***** Data for this task *****

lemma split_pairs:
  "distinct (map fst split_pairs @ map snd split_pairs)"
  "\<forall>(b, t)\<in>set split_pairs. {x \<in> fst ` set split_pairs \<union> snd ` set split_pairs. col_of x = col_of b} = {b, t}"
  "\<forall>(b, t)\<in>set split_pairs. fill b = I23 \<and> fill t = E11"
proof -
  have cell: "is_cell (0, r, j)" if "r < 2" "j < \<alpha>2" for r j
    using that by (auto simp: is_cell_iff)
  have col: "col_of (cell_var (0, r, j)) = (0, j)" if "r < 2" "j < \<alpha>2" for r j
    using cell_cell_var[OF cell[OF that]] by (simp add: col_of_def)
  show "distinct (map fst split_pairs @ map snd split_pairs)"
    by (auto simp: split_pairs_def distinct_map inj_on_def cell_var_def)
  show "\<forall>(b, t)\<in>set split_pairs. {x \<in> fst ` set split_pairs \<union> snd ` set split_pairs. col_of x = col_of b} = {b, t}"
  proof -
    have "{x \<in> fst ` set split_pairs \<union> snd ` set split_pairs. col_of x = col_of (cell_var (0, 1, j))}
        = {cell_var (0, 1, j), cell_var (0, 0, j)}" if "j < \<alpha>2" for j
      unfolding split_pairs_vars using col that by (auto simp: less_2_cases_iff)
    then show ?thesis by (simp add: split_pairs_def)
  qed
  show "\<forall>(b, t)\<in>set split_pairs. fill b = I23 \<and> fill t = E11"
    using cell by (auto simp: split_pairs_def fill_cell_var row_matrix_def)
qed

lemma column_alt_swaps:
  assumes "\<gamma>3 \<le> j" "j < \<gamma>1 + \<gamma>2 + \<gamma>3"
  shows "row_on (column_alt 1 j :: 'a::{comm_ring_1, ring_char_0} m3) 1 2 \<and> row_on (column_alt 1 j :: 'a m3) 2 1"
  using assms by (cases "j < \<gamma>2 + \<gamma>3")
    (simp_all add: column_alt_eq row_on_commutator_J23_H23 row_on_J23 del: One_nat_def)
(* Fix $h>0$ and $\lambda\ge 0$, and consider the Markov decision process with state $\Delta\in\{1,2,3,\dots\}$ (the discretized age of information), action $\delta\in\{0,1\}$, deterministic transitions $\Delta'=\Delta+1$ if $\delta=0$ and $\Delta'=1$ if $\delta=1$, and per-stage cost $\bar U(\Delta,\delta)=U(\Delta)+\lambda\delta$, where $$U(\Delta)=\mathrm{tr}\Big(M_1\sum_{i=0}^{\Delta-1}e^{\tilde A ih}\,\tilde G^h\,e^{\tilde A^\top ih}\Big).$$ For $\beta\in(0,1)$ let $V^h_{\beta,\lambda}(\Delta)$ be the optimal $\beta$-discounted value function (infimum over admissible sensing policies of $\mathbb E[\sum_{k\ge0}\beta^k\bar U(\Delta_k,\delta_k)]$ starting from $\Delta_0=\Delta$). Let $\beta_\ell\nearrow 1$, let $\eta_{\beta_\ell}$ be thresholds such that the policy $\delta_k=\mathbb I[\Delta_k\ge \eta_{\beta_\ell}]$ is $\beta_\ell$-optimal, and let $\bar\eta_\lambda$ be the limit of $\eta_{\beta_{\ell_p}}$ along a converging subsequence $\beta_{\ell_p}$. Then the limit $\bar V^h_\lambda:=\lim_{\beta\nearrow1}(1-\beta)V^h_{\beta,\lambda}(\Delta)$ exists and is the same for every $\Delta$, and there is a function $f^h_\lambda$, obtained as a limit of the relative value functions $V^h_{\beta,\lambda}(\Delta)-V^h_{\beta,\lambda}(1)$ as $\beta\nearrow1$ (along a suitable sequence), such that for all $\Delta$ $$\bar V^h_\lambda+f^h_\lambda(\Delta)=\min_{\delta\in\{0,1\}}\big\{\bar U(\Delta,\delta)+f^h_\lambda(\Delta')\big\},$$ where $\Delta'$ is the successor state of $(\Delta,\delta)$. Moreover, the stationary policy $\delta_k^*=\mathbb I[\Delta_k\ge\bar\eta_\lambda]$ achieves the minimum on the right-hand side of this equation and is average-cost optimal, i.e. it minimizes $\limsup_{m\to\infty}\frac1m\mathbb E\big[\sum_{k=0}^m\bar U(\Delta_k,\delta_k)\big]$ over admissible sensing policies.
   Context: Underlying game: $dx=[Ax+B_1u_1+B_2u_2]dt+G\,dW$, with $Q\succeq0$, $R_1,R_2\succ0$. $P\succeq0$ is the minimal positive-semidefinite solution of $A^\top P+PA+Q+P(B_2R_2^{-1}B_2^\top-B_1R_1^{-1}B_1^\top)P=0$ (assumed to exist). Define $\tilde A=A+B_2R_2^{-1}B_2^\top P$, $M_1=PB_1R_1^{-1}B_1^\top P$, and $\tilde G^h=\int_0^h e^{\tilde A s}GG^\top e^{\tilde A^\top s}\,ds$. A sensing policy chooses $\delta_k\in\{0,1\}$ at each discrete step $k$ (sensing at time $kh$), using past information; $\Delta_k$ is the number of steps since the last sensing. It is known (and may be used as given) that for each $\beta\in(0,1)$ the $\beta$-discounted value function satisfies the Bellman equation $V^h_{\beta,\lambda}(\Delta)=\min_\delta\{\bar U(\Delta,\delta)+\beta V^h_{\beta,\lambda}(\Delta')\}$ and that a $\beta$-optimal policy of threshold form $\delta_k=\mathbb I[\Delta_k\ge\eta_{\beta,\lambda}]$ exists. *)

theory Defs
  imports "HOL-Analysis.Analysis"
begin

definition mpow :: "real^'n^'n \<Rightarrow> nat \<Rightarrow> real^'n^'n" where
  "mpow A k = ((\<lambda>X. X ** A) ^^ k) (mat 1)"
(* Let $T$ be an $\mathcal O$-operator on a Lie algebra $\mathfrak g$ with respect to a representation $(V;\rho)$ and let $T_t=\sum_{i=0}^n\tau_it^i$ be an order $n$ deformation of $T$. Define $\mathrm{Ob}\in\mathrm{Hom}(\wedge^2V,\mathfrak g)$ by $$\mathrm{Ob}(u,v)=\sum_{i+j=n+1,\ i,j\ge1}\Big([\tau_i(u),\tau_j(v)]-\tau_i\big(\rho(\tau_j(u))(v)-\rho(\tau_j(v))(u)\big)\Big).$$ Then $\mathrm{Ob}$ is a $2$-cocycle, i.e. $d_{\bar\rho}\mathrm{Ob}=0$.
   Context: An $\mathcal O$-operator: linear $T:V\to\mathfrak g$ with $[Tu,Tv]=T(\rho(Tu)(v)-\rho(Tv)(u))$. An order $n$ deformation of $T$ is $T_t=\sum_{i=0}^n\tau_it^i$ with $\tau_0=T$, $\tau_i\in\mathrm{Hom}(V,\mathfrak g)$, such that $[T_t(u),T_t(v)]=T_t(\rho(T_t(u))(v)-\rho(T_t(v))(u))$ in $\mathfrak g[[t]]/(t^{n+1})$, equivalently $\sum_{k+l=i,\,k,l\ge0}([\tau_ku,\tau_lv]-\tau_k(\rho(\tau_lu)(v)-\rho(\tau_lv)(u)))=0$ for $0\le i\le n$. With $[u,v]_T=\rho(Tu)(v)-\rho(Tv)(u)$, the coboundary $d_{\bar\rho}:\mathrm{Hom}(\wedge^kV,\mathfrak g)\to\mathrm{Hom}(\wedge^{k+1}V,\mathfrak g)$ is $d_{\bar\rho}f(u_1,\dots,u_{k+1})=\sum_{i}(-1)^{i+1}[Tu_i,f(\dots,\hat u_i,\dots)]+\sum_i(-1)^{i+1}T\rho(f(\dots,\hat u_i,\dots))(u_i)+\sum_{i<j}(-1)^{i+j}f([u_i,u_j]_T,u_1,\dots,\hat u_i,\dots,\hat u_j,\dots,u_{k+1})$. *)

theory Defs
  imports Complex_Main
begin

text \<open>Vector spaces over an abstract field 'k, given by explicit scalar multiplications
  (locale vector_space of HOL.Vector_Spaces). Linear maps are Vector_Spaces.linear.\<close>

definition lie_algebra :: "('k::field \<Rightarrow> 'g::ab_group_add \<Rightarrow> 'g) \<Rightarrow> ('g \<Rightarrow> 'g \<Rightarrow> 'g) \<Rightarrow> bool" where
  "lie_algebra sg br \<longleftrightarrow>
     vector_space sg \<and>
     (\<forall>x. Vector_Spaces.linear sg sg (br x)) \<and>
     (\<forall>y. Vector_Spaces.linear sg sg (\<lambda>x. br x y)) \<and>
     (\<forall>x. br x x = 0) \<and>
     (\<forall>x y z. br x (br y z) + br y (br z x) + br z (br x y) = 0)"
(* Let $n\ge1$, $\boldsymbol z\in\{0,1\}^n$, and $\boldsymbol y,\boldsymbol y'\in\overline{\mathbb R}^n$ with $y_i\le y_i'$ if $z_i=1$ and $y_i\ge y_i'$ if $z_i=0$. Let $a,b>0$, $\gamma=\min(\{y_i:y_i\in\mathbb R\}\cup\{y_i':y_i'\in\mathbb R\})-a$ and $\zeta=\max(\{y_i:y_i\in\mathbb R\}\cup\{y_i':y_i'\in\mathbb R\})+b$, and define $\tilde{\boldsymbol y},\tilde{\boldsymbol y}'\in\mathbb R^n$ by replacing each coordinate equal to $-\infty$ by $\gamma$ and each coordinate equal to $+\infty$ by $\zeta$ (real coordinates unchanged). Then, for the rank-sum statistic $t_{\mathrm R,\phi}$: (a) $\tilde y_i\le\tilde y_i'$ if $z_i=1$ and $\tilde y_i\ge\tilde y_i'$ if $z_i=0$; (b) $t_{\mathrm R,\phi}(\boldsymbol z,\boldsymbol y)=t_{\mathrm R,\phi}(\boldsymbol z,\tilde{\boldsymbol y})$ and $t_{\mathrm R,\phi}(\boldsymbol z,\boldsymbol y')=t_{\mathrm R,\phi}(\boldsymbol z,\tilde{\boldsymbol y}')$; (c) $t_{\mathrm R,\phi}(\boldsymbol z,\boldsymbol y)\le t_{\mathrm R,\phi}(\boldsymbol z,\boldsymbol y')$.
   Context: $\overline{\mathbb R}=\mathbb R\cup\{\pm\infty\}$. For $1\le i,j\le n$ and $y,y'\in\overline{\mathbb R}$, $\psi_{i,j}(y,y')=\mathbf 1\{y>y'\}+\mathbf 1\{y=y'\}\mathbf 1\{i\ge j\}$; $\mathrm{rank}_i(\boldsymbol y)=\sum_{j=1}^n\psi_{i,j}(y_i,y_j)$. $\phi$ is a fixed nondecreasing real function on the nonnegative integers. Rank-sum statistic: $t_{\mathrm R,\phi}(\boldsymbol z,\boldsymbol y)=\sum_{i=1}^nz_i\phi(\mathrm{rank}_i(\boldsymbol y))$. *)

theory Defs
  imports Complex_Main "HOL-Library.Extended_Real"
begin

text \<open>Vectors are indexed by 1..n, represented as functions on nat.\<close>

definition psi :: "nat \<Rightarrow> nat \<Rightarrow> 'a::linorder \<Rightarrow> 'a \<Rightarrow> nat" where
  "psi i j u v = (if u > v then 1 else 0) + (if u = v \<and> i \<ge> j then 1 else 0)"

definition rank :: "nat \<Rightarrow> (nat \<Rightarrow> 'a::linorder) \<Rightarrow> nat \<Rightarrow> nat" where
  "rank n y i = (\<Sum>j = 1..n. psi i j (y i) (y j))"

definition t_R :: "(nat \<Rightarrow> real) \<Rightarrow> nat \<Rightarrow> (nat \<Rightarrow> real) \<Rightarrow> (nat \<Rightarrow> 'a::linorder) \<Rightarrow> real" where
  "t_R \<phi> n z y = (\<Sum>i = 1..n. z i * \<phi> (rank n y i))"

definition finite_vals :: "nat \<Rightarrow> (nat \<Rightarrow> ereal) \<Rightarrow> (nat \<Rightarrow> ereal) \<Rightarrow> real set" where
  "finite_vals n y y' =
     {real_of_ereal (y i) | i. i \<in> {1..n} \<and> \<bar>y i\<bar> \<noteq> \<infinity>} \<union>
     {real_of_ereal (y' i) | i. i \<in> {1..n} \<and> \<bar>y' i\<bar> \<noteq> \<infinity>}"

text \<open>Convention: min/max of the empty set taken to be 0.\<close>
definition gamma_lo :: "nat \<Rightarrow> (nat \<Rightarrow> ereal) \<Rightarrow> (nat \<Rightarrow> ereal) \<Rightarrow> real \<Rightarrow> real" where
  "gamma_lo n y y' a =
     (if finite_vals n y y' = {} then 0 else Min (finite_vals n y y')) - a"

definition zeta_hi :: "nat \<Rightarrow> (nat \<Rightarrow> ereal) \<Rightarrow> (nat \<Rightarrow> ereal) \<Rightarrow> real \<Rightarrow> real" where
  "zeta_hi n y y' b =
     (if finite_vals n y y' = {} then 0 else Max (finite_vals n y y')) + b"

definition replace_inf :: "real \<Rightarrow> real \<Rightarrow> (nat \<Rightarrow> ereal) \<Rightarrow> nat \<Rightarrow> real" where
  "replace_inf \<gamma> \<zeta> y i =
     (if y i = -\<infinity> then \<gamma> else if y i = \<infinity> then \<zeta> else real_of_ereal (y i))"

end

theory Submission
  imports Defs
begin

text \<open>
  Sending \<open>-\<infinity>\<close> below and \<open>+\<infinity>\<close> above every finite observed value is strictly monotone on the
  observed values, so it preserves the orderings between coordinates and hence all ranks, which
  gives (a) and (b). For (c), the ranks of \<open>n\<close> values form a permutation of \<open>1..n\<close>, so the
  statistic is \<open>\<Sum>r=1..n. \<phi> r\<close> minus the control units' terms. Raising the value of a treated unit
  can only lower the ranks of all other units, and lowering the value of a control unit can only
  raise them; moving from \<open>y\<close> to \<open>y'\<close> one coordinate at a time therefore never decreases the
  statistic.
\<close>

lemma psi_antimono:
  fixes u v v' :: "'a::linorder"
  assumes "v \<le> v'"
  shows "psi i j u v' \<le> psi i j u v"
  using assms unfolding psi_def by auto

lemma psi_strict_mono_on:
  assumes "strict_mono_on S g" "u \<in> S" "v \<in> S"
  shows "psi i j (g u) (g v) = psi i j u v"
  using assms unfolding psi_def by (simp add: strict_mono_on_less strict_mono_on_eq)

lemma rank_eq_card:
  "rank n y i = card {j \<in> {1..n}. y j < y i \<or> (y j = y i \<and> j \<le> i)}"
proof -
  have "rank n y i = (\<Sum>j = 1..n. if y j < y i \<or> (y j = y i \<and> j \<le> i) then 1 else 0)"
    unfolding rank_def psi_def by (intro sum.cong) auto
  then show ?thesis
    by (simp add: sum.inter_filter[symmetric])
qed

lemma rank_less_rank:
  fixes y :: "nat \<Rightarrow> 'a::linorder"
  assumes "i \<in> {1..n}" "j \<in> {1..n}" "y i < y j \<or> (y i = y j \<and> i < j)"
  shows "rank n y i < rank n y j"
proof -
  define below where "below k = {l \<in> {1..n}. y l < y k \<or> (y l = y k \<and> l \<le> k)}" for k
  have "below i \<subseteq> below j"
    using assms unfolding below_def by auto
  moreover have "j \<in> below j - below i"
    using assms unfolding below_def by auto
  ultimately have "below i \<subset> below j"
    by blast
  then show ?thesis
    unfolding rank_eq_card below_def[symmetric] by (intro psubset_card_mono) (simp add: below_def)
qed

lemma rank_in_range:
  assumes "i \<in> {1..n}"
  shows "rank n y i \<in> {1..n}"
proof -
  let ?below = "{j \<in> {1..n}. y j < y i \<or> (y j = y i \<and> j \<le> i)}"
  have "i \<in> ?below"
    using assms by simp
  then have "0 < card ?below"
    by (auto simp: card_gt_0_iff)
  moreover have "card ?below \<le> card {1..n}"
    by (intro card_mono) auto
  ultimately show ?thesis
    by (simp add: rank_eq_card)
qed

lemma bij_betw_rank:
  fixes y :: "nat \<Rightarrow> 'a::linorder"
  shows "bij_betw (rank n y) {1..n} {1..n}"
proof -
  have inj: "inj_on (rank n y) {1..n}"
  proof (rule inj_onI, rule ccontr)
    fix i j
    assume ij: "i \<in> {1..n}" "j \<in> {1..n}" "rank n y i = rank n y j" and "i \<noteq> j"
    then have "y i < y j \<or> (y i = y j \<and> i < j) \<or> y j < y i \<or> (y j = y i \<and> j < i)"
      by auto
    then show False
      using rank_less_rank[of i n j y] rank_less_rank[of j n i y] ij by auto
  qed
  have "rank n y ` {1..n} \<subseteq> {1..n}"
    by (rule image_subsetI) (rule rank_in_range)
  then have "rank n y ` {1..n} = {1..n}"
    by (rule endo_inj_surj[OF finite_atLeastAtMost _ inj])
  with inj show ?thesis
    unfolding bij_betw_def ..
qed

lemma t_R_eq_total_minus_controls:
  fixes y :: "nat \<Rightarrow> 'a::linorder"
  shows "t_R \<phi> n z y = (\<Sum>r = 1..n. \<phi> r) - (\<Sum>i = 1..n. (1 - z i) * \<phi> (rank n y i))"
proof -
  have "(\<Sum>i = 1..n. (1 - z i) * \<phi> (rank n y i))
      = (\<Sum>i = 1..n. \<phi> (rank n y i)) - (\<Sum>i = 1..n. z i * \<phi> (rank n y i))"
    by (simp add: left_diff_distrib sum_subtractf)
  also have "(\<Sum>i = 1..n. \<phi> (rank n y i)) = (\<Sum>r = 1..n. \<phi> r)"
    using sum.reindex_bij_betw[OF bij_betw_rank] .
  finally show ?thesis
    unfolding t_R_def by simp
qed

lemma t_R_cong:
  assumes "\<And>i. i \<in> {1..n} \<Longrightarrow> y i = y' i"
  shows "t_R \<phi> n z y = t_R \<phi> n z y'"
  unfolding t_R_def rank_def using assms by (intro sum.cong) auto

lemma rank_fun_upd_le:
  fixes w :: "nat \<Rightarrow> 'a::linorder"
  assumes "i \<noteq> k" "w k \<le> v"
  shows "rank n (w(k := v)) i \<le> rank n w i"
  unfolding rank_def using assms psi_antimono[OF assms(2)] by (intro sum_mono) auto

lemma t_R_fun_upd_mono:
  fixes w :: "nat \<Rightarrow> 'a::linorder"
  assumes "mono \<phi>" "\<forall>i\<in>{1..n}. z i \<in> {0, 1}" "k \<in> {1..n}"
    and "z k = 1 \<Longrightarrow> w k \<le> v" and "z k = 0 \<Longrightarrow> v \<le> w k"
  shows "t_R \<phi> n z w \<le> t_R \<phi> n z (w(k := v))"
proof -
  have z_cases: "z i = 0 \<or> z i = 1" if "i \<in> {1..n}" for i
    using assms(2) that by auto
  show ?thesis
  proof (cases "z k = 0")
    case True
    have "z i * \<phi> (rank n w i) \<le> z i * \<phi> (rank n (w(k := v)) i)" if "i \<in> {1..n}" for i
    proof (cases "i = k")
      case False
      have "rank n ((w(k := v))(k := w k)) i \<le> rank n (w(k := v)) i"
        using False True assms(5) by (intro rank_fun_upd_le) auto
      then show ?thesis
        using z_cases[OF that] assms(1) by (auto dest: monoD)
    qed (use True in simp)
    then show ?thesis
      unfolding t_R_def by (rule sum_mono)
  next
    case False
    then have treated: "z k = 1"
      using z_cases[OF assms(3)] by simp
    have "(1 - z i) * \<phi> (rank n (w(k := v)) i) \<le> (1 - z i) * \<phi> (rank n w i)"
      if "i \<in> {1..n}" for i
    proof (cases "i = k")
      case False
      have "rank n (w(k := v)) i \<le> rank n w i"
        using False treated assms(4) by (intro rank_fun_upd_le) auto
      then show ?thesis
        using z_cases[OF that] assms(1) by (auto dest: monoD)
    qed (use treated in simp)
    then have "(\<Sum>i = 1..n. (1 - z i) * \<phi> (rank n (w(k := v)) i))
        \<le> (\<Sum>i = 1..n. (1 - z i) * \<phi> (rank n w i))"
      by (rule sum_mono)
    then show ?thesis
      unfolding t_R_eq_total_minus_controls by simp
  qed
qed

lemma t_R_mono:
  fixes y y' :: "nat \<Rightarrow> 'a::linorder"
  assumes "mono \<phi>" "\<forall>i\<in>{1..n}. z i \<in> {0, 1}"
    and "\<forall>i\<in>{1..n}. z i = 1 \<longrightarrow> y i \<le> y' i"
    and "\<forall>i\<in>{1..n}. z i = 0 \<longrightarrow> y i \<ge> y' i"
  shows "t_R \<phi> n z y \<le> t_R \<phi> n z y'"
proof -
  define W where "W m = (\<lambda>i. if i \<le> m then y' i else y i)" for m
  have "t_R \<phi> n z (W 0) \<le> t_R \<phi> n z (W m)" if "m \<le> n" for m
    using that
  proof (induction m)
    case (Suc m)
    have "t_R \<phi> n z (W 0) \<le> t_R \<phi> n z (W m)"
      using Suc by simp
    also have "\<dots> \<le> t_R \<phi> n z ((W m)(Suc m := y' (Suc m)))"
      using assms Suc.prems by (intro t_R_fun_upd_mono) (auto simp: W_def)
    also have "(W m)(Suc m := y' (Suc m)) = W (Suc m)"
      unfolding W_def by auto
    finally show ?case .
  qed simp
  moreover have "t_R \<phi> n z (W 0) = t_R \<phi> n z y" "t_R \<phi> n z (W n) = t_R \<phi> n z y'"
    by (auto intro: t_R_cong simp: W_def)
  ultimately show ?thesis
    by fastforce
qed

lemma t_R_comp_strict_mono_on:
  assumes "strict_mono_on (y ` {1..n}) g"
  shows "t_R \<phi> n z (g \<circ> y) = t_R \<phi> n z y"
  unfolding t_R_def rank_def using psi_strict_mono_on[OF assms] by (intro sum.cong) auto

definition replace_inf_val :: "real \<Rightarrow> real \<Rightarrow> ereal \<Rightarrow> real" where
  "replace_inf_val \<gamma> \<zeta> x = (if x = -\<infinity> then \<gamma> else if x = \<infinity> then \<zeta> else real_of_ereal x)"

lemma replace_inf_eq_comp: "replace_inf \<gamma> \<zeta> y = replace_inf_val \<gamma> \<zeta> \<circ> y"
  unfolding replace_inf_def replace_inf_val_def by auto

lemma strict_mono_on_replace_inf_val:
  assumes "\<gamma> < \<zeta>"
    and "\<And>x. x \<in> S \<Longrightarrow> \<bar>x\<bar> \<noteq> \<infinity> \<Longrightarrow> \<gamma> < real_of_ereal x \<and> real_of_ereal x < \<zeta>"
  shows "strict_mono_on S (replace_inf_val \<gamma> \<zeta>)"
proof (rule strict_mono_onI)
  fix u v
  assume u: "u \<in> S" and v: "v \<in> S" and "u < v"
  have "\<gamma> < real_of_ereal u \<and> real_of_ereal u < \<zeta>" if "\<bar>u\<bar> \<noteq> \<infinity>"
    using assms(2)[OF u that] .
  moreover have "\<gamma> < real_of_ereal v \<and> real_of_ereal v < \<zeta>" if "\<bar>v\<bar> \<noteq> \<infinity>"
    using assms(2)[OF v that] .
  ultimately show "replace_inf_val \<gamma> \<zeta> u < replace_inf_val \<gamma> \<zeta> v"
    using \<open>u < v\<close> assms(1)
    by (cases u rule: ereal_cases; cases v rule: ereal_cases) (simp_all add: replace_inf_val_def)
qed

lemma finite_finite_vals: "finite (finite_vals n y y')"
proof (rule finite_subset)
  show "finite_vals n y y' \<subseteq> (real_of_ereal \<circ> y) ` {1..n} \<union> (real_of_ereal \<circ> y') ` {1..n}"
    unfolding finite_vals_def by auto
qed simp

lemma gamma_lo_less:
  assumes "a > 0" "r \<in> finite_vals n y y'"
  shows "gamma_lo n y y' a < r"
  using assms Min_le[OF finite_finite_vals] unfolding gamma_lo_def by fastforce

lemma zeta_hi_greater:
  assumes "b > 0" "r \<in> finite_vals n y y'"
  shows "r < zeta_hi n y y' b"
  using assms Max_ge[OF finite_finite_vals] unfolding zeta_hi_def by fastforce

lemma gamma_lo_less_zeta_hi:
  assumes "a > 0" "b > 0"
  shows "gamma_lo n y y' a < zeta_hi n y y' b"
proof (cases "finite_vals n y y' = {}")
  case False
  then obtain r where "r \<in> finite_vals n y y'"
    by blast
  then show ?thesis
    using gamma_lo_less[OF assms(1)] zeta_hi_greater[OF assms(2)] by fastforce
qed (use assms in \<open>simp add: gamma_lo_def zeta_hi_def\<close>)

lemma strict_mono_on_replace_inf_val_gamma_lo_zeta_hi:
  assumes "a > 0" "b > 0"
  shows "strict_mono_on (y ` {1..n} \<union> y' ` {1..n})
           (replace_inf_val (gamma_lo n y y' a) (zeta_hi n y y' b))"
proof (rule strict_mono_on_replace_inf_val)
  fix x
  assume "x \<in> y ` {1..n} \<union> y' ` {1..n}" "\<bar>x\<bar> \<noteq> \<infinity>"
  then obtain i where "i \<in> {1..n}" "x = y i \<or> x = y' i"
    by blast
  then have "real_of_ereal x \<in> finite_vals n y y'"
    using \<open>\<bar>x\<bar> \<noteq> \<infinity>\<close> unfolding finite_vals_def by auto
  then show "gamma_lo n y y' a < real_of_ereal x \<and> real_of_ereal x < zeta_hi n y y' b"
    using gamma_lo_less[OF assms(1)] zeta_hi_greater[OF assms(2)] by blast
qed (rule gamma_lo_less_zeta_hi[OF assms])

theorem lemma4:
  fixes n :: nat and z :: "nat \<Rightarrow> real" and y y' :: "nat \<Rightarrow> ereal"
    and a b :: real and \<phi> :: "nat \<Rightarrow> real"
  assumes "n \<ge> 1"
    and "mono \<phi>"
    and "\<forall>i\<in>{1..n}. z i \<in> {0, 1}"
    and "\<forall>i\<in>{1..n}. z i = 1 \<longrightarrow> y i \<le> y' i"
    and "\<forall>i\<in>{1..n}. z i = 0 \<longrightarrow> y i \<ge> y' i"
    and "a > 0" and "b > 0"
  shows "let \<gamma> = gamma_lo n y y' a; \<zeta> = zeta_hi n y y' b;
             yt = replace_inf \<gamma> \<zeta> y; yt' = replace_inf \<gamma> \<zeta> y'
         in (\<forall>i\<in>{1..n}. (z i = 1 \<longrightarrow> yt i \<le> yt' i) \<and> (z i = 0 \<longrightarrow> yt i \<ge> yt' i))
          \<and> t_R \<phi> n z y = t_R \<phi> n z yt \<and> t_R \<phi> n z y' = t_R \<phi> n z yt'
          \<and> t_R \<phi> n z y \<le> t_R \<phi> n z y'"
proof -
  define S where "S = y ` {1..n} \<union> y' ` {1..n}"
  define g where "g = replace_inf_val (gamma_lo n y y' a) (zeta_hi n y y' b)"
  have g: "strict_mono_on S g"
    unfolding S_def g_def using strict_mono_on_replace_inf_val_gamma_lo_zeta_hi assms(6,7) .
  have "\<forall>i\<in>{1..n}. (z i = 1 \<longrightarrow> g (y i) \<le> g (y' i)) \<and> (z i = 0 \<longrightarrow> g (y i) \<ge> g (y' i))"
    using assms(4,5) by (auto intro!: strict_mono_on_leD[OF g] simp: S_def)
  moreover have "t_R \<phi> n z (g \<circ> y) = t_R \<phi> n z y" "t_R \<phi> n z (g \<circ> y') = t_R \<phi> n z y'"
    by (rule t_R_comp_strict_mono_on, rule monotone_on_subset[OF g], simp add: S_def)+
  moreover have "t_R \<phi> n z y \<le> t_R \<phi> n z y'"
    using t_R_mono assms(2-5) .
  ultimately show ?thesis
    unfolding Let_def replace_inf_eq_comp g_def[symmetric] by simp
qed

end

*****

* **Problem requirements**
Nothing but the lines from the top of the entries above through the line with "(simp_all add: column_alt_eq" should be set down, each exactly as written.

* **Finished exercise**
lemma split_pairs:
  "distinct (map fst split_pairs @ map snd split_pairs)"
  "\<forall>(b, t)\<in>set split_pairs. {x \<in> fst ` set split_pairs \<union> snd ` set split_pairs. col_of x = col_of b} = {b, t}"
  "\<forall>(b, t)\<in>set split_pairs. fill b = I23 \<and> fill t = E11"
proof -
  have cell: "is_cell (0, r, j)" if "r < 2" "j < \<alpha>2" for r j
    using that by (auto simp: is_cell_iff)
  have col: "col_of (cell_var (0, r, j)) = (0, j)" if "r < 2" "j < \<alpha>2" for r j
    using cell_cell_var[OF cell[OF that]] by (simp add: col_of_def)
  show "distinct (map fst split_pairs @ map snd split_pairs)"
    by (auto simp: split_pairs_def distinct_map inj_on_def cell_var_def)
  show "\<forall>(b, t)\<in>set split_pairs. {x \<in> fst ` set split_pairs \<union> snd ` set split_pairs. col_of x = col_of b} = {b, t}"
  proof -
    have "{x \<in> fst ` set split_pairs \<union> snd ` set split_pairs. col_of x = col_of (cell_var (0, 1, j))}
        = {cell_var (0, 1, j), cell_var (0, 0, j)}" if "j < \<alpha>2" for j
      unfolding split_pairs_vars using col that by (auto simp: less_2_cases_iff)
    then show ?thesis by (simp add: split_pairs_def)
  qed
  show "\<forall>(b, t)\<in>set split_pairs. fill b = I23 \<and> fill t = E11"
    using cell by (auto simp: split_pairs_def fill_cell_var row_matrix_def)
qed

lemma column_alt_swaps:
  assumes "\<gamma>3 \<le> j" "j < \<gamma>1 + \<gamma>2 + \<gamma>3"
  shows "row_on (column_alt 1 j :: 'a::{comm_ring_1, ring_char_0} m3) 1 2 \<and> row_on (column_alt 1 j :: 'a m3) 2 1"
  using assms by (cases "j < \<gamma>2 + \<gamma>3")
    (simp_all add: column_alt_eq row_on_commutator_J23_H23 row_on_J23 del: One_nat_def)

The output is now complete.